Dr. Roger Pielke, Jr. noted that the federal National Climate Assessment released in 2018 ignored one of its own expert reviewers, who wrote: “National Hurricane Center going back to the 1800s data clearly indicate a drop in the decadal rate of US landfalling hurricanes since the 1960s … instead you spin the topic to make it sound like the trends are all towards more cyclones.”
In 2019, extreme weather expert Dr. Roger Pielke, Jr. explained: The WMO (World Meteorological Organization) concluded, “no observational studies have provided convincing evidence of a detectable anthropogenic influence specifically on hurricane-related precipitation,” but also that an increase should be expected this century … The WMO assessment concludes: “anthropogenic signals are not yet clearly detectable in observations for most TC (tropical cyclones) metrics.”

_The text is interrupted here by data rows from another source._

lemma phi_inj_on_hermitian:
  assumes "is_measurement UNIV \<mu>" "tomo_complete \<mu>"
    and "hermitian X" "hermitian Y" "phi \<mu> X = phi \<mu> Y"
  shows "X = Y"
proof -
  obtain c where c: "X - Y = (\<Sum>y\<in>UNIV. c y *\<^sub>R \<mu> y)"
    using assms(2) hermitian_diff[OF assms(3,4)] unfolding tomo_complete_def by blast
  have "phi \<mu> (X - Y) = (\<lambda>_. 0)"
    using assms(5) by (simp add: phi_def hs_inner_diff_right fun_eq_iff)
  then have "Re (hs_inner (X - Y) (X - Y)) = 0"
    by (subst (1) c, subst hs_inner_combination_eq_phi[OF assms(1) hermitian_diff[OF assms(3,4)]]) simp
  then show ?thesis by (metis hs_inner_self_eq_0 right_minus_eq)
qed

lemma pinv_phi:
  assumes "is_measurement UNIV \<mu>" "tomo_complete \<mu>" "hermitian \<rho>"
  shows "pinv \<mu> (phi \<mu> \<rho>) = \<rho>"
proof -
  have residual_0: "residual \<mu> (phi \<mu> \<rho>) \<rho> = 0"
    by (simp add: residual_def)
  have residual_nonneg: "0 \<le> residual \<mu> p X" for p X
    by (simp add: residual_def sum_nonneg)
  \<comment> \<open>\<open>\<rho>\<close> is the only Hermitian zero of the residual, so it is the unique minimiser.\<close>
  have unique: "Z = \<rho>" if "hermitian Z" "residual \<mu> (phi \<mu> \<rho>) Z \<le> 0" for Z
  proof -
    have "(\<Sum>y\<in>UNIV. (phi \<mu> Z y - phi \<mu> \<rho> y)\<^sup>2) = 0"
      using that(2) residual_nonneg[of "phi \<mu> \<rho>" Z] by (simp add: residual_def)
    then have "phi \<mu> Z y = phi \<mu> \<rho> y" for y
      by (simp add: sum_nonneg_eq_0_iff)
    then show ?thesis
      using phi_inj_on_hermitian[OF assms(1,2) that(1) assms(3)] by (simp add: fun_eq_iff)
  qed
  show ?thesis
    unfolding pinv_def
    by (rule the_equality) (use assms(3) residual_0 residual_nonneg unique in \<open>metis order.refl\<close>)+
qed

Hurricane Maria, which hit Puerto Rico in 2017, was not an unprecedented storm, with the eighth-lowest landfall pressure (917 mb) on record in the Atlantic Basin. Meteorologist Anthony Watts noted, “With Irma ranked 7th, and Harvey ranked 18th, it’s going to be tough for climate alarmists to try connecting these two storms to being driven by CO2/global warming. But they’ll do it anyway.”